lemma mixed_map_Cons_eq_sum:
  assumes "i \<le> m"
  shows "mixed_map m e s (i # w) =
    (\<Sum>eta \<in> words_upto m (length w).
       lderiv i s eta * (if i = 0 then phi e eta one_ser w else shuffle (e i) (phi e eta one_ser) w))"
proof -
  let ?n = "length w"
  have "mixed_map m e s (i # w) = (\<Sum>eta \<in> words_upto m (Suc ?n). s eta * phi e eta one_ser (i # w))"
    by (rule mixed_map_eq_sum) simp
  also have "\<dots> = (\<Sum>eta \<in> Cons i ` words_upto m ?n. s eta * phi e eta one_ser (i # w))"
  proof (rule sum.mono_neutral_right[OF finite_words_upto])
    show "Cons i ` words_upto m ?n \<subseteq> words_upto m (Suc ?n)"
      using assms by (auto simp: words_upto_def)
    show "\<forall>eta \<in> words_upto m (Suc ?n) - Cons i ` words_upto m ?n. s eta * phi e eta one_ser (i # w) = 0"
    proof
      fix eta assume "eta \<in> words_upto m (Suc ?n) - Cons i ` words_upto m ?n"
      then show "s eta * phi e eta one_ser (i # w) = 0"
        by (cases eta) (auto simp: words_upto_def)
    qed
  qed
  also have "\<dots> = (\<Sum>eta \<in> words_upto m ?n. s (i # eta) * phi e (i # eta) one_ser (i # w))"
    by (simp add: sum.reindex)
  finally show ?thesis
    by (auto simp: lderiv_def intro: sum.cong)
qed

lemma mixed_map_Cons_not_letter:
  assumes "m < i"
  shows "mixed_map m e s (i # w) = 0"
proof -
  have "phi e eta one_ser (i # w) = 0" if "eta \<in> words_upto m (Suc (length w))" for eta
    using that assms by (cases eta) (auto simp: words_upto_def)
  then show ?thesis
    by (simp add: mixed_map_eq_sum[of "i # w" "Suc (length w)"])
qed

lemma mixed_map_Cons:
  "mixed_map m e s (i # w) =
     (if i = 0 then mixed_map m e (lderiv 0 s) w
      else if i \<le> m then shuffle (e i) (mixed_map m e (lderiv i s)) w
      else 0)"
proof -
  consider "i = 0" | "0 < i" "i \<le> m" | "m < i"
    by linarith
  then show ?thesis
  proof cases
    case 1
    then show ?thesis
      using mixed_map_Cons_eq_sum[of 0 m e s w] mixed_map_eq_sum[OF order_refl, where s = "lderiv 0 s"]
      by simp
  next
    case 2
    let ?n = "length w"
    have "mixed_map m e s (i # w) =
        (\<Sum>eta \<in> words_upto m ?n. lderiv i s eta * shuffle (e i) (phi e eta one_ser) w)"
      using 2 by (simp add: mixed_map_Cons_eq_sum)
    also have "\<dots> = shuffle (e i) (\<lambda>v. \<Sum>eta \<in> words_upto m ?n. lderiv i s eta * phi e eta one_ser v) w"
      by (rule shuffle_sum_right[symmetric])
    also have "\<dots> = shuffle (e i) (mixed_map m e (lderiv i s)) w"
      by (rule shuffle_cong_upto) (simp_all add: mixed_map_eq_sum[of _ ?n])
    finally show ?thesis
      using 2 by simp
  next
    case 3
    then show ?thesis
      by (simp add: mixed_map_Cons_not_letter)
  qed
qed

--

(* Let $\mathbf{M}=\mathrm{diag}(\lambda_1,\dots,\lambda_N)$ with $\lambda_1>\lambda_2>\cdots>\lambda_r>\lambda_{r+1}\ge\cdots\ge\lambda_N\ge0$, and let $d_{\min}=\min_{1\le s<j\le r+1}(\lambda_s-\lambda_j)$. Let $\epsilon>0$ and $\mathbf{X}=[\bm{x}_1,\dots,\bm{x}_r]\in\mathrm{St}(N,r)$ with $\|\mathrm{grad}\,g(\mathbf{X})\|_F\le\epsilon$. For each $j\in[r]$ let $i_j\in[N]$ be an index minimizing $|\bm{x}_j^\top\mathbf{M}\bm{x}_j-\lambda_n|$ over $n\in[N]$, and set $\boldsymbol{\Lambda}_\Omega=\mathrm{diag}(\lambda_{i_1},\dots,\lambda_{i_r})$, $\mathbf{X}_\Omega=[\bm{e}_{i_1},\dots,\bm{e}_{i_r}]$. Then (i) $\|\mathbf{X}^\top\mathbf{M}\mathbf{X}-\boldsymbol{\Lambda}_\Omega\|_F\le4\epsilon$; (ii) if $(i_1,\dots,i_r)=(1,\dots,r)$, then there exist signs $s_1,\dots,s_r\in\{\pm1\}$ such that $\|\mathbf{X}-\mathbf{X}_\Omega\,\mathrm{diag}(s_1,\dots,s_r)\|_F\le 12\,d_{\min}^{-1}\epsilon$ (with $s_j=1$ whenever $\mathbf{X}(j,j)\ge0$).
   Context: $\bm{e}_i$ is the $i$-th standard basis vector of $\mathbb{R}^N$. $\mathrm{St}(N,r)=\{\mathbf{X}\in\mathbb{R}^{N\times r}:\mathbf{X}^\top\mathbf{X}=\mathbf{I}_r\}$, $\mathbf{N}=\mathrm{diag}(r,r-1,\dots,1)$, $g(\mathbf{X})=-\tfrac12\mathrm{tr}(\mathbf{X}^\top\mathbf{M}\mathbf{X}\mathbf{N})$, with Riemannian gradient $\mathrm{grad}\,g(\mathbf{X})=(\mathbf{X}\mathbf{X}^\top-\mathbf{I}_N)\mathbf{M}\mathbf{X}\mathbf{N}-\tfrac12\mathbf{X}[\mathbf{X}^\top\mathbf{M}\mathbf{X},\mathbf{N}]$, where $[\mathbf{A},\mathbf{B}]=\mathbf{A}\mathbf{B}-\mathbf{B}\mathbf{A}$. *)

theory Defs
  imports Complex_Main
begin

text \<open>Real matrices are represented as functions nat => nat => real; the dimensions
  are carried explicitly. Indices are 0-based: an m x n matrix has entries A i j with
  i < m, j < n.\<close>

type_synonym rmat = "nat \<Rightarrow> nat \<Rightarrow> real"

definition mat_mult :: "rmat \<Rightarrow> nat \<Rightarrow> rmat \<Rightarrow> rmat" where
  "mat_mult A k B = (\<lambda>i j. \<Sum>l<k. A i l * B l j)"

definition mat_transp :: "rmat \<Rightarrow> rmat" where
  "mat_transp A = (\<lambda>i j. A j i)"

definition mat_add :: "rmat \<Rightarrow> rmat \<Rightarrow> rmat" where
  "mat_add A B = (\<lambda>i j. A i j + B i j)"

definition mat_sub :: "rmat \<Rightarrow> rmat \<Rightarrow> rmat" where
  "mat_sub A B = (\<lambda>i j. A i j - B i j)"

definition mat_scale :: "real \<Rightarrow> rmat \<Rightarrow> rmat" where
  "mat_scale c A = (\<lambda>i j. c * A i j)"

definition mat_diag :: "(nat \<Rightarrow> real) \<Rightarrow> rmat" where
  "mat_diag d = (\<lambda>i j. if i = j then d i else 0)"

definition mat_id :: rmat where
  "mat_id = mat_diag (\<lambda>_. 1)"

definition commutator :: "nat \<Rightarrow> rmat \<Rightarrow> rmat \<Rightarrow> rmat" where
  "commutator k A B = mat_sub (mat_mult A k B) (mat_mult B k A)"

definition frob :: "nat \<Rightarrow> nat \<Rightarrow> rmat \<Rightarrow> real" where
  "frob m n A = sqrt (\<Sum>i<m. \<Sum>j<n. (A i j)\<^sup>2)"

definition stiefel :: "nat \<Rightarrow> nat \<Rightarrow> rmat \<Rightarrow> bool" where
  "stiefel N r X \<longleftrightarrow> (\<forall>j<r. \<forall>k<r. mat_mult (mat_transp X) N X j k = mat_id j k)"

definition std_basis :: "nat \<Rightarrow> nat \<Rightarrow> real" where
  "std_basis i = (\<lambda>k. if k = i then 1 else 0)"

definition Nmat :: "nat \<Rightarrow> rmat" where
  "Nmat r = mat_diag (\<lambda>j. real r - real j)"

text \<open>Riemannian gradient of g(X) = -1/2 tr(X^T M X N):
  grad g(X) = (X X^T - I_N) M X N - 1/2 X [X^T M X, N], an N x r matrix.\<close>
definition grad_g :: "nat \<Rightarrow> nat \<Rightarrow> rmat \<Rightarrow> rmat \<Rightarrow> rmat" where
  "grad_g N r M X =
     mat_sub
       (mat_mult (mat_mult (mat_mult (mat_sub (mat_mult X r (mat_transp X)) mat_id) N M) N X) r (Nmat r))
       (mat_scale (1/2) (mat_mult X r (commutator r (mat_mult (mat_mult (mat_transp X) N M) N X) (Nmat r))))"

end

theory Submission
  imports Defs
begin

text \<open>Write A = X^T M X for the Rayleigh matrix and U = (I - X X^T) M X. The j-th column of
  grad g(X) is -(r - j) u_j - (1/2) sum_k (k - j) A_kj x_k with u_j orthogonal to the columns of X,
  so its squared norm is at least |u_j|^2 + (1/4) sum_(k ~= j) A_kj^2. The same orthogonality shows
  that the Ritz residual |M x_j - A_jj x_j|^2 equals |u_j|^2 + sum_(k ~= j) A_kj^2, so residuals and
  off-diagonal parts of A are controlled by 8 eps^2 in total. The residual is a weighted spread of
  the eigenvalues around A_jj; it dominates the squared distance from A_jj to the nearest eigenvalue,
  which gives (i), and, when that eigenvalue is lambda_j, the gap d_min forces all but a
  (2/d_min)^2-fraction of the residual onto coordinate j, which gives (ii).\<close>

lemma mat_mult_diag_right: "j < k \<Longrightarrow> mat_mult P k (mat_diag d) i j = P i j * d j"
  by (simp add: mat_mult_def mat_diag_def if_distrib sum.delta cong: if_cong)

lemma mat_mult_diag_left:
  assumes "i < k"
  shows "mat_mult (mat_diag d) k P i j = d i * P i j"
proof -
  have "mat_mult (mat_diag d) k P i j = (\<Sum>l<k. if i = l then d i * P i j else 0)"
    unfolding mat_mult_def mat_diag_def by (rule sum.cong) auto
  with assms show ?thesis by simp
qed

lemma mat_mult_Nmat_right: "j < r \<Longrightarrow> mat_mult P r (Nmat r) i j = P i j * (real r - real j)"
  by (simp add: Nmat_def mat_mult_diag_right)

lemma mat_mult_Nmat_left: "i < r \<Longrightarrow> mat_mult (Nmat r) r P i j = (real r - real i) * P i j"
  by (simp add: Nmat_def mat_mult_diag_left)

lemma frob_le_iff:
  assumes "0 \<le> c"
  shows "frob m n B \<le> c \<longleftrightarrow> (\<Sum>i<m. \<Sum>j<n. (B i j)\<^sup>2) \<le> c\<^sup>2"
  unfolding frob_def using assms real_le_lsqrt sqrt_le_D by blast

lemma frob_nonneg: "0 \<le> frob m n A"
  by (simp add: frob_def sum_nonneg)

---

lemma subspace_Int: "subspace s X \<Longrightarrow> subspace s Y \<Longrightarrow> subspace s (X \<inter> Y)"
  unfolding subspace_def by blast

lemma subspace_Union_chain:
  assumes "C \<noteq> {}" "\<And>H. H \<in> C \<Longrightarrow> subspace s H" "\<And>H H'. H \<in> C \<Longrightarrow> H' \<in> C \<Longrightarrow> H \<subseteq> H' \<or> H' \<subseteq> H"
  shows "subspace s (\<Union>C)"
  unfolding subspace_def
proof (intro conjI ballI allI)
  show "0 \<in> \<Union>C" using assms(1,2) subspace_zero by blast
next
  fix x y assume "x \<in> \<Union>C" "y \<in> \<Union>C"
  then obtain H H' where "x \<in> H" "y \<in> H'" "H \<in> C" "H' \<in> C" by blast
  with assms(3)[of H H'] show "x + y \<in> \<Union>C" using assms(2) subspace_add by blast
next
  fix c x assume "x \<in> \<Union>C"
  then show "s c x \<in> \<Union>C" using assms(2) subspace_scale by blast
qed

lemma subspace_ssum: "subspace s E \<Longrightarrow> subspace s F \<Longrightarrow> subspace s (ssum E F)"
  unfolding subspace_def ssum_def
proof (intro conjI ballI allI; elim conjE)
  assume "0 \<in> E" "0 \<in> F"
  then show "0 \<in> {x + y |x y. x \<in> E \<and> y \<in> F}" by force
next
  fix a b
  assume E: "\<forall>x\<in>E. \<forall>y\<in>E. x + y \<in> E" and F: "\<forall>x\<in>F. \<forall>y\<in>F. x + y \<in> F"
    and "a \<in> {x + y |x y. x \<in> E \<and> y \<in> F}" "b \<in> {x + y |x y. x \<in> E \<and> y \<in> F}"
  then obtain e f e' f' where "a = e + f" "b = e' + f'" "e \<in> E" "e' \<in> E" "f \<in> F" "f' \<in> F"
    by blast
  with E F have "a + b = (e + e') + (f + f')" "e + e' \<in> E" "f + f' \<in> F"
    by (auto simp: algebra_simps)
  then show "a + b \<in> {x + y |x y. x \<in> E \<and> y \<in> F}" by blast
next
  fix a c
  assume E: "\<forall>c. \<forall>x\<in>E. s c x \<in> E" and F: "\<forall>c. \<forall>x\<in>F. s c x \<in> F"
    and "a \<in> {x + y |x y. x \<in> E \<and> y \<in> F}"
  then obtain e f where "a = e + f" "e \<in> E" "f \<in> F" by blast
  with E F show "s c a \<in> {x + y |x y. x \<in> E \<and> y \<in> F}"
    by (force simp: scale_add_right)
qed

## REQUIREMENT
Provide the number of lines in the entries above on which the string "subseteq" is found, and no other text.

## SOLUTION
2